Nadiem mengatakan, perubahan yang dikehendaki Presiden Jokowi itu masih perlu melalui berbagai macam kajian. "Dia menginginkan penyederhanaan, jumlah buku dan konten sangat banyak dan pertanyaannya, apakah banyak ya konten? Atau pembelajaran kompentensi yang terpenting?" katanya.
Pada aspek debirokratisasi kelembagaan, Nadiem mengatakan mendengar keluhan mengenai lembaga instansi pemerintahan yang terlalu banyak.
Ketiga, aspek peningkatan investasi dan inovasi. Nadiem mengatakan, investasi memiliki dependensi dengan kualitas SDM. Menurut dia, banyak pelajaran, keterampilan serta kompetensi dalam pendidikan Indonesia yang tidak dibutuhkan di dunia pekerjaan, industri dan kewirausahaan.
Keempat, dalam aspek penciptaan lapangan kerja. Nadiem menyampaikan bahwa Kemdikbud harus menciptakan institusi yang tidak hanya menciptakan tenaga kerja, tapi juga yang bisa menciptakan lapangan kerja dan wirausahawan.

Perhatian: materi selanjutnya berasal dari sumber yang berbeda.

lemma diffusion_small_seedI:
  assumes v: "\<forall>i<m. 0 < v i \<and> v i < mat_vec m A v i"
  shows "diffusion_small_seed m A"
  unfolding diffusion_small_seed_def
proof (intro allI impI)
  fix \<epsilon> :: real
  assume "\<epsilon> > 0"
  define s where "s = 1 + (\<Sum>i<m. v i)"
  have v_less_s: "v i < s" if "i < m" for i
  proof -
    have "v i \<le> (\<Sum>i<m. v i)"
      by (rule member_le_sum) (use v that in \<open>auto intro: less_imp_le\<close>)
    then show ?thesis by (simp add: s_def)
  qed
  have "(\<Sum>i<m. v i) \<ge> 0"
    using v by (intro sum_nonneg) (simp add: less_imp_le)
  then have "s > 0"
    by (simp add: s_def)
  show "\<exists>v'. \<forall>i<m. 0 < v' i \<and> v' i < \<epsilon> \<and> (\<Sum>j<m. A i j * v' j) > v' i"
  proof (intro exI[of _ "\<lambda>j. \<epsilon> / s * v j"] allI impI conjI)
    fix i
    assume i: "i < m"
    show "0 < \<epsilon> / s * v i"
      using \<open>\<epsilon> > 0\<close> \<open>s > 0\<close> v i by simp
    show "\<epsilon> / s * v i < \<epsilon>"
      using \<open>\<epsilon> > 0\<close> \<open>s > 0\<close> v_less_s[OF i] by (simp add: field_simps)
    have "(\<Sum>j<m. A i j * (\<epsilon> / s * v j)) = \<epsilon> / s * mat_vec m A v i"
      by (simp add: mat_vec_def sum_distrib_left algebra_simps)
    then show "(\<Sum>j<m. A i j * (\<epsilon> / s * v j)) > \<epsilon> / s * v i"
      using \<open>\<epsilon> > 0\<close> \<open>s > 0\<close> v i mult_strict_left_mono[of "v i" "mat_vec m A v i" "\<epsilon> / s"]
      by simp
  qed
qed

lemma mat_vec_iterates_mono:
  assumes "nonneg_mat m A" and sub: "\<And>i. i < m \<Longrightarrow> u i \<le> mat_vec m A u i"
    and "i < m" "n \<le> n'"
  shows "(mat_vec m A ^^ n) u i \<le> (mat_vec m A ^^ n') u i"
proof -
  have step: "\<forall>i<m. (mat_vec m A ^^ n) u i \<le> (mat_vec m A ^^ Suc n) u i" for n
  proof (induction n)
    case 0
    then show ?case using sub by simp
  next
    case (Suc n)
    then show ?case
      using mat_vec_mono[OF \<open>nonneg_mat m A\<close>] by simp
  qed
  show ?thesis
    using lift_Suc_mono_le[of "\<lambda>n. (mat_vec m A ^^ n) u i"] step assms(3,4) by blast
qed

lemma mat_vec_sum_iterates_telescope:
  "mat_vec m A (\<lambda>i. \<Sum>n<N. (mat_vec m A ^^ n) u i) i - (\<Sum>n<N. (mat_vec m A ^^ n) u i)
     = (mat_vec m A ^^ N) u i - u i"
proof -
  have "mat_vec m A (\<lambda>i. \<Sum>n<N. (mat_vec m A ^^ n) u i) i = (\<Sum>n<N. (mat_vec m A ^^ Suc n) u i)"
    by (subst mat_vec_sum) simp
  then have "mat_vec m A (\<lambda>i. \<Sum>n<N. (mat_vec m A ^^ n) u i) i - (\<Sum>n<N. (mat_vec m A ^^ n) u i)
      = (\<Sum>n<N. (mat_vec m A ^^ Suc n) u i - (mat_vec m A ^^ n) u i)"
    by (simp only: sum_subtractf)
  also have "\<dots> = (mat_vec m A ^^ N) u i - u i"
    using sum_lessThan_telescope[of "\<lambda>n. (mat_vec m A ^^ n) u i" N] by simp
  finally show ?thesis .
qed

lemma funpow_mat_vec_pos:
  assumes pow_pos: "\<forall>i<m. \<forall>j<m. mat_pow m A k i j > 0"
    and u: "\<forall>j<m. u j \<ge> 0" "j0 < m" "u j0 > 0" and "i < m"
  shows "(mat_vec m A ^^ k) u i > 0"
proof -
  have "\<forall>j<m. mat_pow m A k i j * u j \<ge> 0"
    using pow_pos u \<open>i < m\<close> by (simp add: less_imp_le)
  with assms show ?thesis
    by (auto simp: funpow_mat_vec mat_vec_def intro!: sum_pos2[of _ j0])
qed

lemma diffusion_small_seed_if_subinvariant:
  assumes "primitive m A"
    and u_nonneg: "\<forall>i<m. u i \<ge> 0" and u_le: "\<forall>i<m. u i \<le> mat_vec m A u i"
    and u_less: "\<forall>i<m. u i > 0 \<longrightarrow> u i < mat_vec m A u i"
    and "j0 < m" "u j0 > 0"
  shows "diffusion_small_seed m A"
proof -
  have A: "nonneg_mat m A"
    using \<open>primitive m A\<close> by (simp add: primitive_def nonneg_mat_def)
  obtain k where pow_pos: "\<forall>i<m. \<forall>j<m. mat_pow m A k i j > 0"
    using \<open>primitive m A\<close> unfolding primitive_def by blast
  define F where "F = mat_vec m A"
  have mono: "(F ^^ n) u i \<le> (F ^^ n') u i" if "i < m" "n \<le> n'" for i n n'
    using mat_vec_iterates_mono[OF A] u_le that unfolding F_def by blast
  have nonneg: "(F ^^ n) u i \<ge> 0" if "i < m" for n i
    using mono[OF that, of 0 n] u_nonneg that by (fastforce intro: order.trans)
  have Fk_pos: "(F ^^ k) u i > 0" if "i < m" for i
    using funpow_mat_vec_pos[OF pow_pos] u_nonneg assms(5,6) that unfolding F_def by blast
  define v where "v = (\<lambda>i. \<Sum>n<Suc k. (F ^^ n) u i)"
  show ?thesis
  proof (rule diffusion_small_seedI, intro allI impI conjI)
    fix i
    assume i: "i < m"
    have "(F ^^ k) u i \<le> v i"
      unfolding v_def by (rule member_le_sum) (use nonneg i in auto)
    then show "0 < v i"
      using Fk_pos[OF i] by simp
    have "u i < (F ^^ Suc k) u i"
    proof (cases "u i > 0")
      case True
      then show ?thesis using u_less i mono[OF i, of 1 "Suc k"] by (fastforce simp: F_def)
    next
      case False
      then show ?thesis using Fk_pos[OF i] mono[OF i, of k "Suc k"] by simp
    qed
    moreover have "mat_vec m A v i - v i = (F ^^ Suc k) u i - u i"
      unfolding v_def F_def by (rule mat_vec_sum_iterates_telescope)
    ultimately show "v i < mat_vec m A v i"
      by linarith
  qed
qed

lemma diffusion_small_seed_if_subset:
  assumes "primitive m A"
    and "S \<noteq> {}" "S \<subseteq> {..<m}" and row_sums: "\<forall>i\<in>S. (\<Sum>j\<in>S. A i j) > 1"
  shows "diffusion_small_seed m A"
proof -
  define u where "u = (\<lambda>j. if j \<in> S then 1 else 0 :: real)"
  have Au: "mat_vec m A u i = (\<Sum>j\<in>S. A i j)" for i
  proof -
    have "mat_vec m A u i = (\<Sum>j\<in>{..<m} \<inter> S. A i j)"
      unfolding mat_vec_def u_def sum.inter_restrict[OF finite_lessThan] by (rule sum.cong) auto
    with \<open>S \<subseteq> {..<m}\<close> show ?thesis
      by (simp add: Int_absorb1)
  qed
  have "0 \<le> (\<Sum>j\<in>S. A i j)" if "i < m" for i
    using \<open>primitive m A\<close> that \<open>S \<subseteq> {..<m}\<close> by (auto simp: primitive_def intro!: sum_nonneg)
  then have "\<forall>i<m. u i \<le> mat_vec m A u i" "\<forall>i<m. u i > 0 \<longrightarrow> u i < mat_vec m A u i"
    unfolding Au using row_sums by (auto simp: u_def less_imp_le)
  moreover obtain j0 where "j0 \<in> S"
    using \<open>S \<noteq> {}\<close> by blast
  ultimately show ?thesis
    using diffusion_small_seed_if_subinvariant[OF \<open>primitive m A\<close>, of u j0] \<open>S \<subseteq> {..<m}\<close>
    by (auto simp: u_def)
qed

"Kita harus menciptakan lingkungan pola pembelajaran dimana soft skill tadi yang paling banyak dibutuhkan dan harus dilatih. Bukan konten yang penting tapi bagaimana caranya," kata Nadiem.
Menurut dia, Indonesia sedang dalam proses revitalisasi untuk semua pendidikan vokasi. Tingkat pengangguran SMK cukup tinggi, dan rapor dari industri masih jauh dari harapan. "Ini peran Kemendikbud untuk bisa meng-empower untuk berpartisipasi dalam pendidikan," katanya.
Nadiem menjelaskan, Presiden juga menyebutkan pentingnya investasi di pendidikan yang besar. Namun, kondisi regulasi yang ada kurang memadai untuk diminatinya investasi dan banyak halangan.
"Kenapa belum banyak sekolah luar negeri untuk masuk ke Indonesia? Ini harus dikaji lagi. Sekolah dari luar negeri itu bisa menjadi roll model, oh ini ada pembelajaran yang berbeda, oh ada konsep yang berbeda. Ini pentingnya," kata Nadiem.
"Jadi aspek kreativitas dan enterpreneurship ini nyambung. Kreativitas dan seni itu adalah jiwa enterprenership. Apapun yang ingin kita ciptakan itu harus dilatih dari kecil," lanjut Nadiem.
Kelima, dalam aspek pemberdayaan teknologi. Dia mengatakan saat ini banyak persepsi yang salah mengenai teknologi dan pendidikan. Apalagi ada yang menyebut pemilihan Nadiem sebagai Mendikbud akan mengganti semua sistem dengan aplikasi. "Saya cukup lucu dengan itu," katanya.
Nadiem menjelaskan, pendidikan adalah apa yang terjadi dalam dua ruang, yaitu di kelas murid dan guru, serta di rumah orang tua dan anak.
"Itu kuncinya. Teknologi tidak akan mungkin bisa menggantikan koneksi itu. Karena pemberlajaran terbaik itu adanya koneksi batin kuat dan bisa timbul rasa percaya," ujar Nadiem.
Dia menjelaskan, teknologi akan membantu apa yang terjadi di ruang didik untuk meningkatkan kualitas pendidikan, bukan untuk menggantikan pendidikan. "Jadi teknologi itu untuk satu efesiensi, budget dan waktu, apapun yang sifatnya administratif dengan teknologi bisa memotong waktu dan anggaran," kata Nadiem.
Selain itu, keuntungan dari teknologi adalah transparansi. Hal ini dikarenakan kebijakan dan aturan itu harus berbasis data. Teknologi juga bisa memberikan fleksibilitas tanpa ada personalisasi dan segmentasi.
"Dengan teknologi semua bisa mendapatkan manfaat yang sama tapi mungkin konten yang berbeda. Teknologi juga membuka jalan customisasi. Teknologi punya peran sangat baik untuk memastikan 20 persen APBN yang bukan cuma send tapi delivered," ujar Nadiem.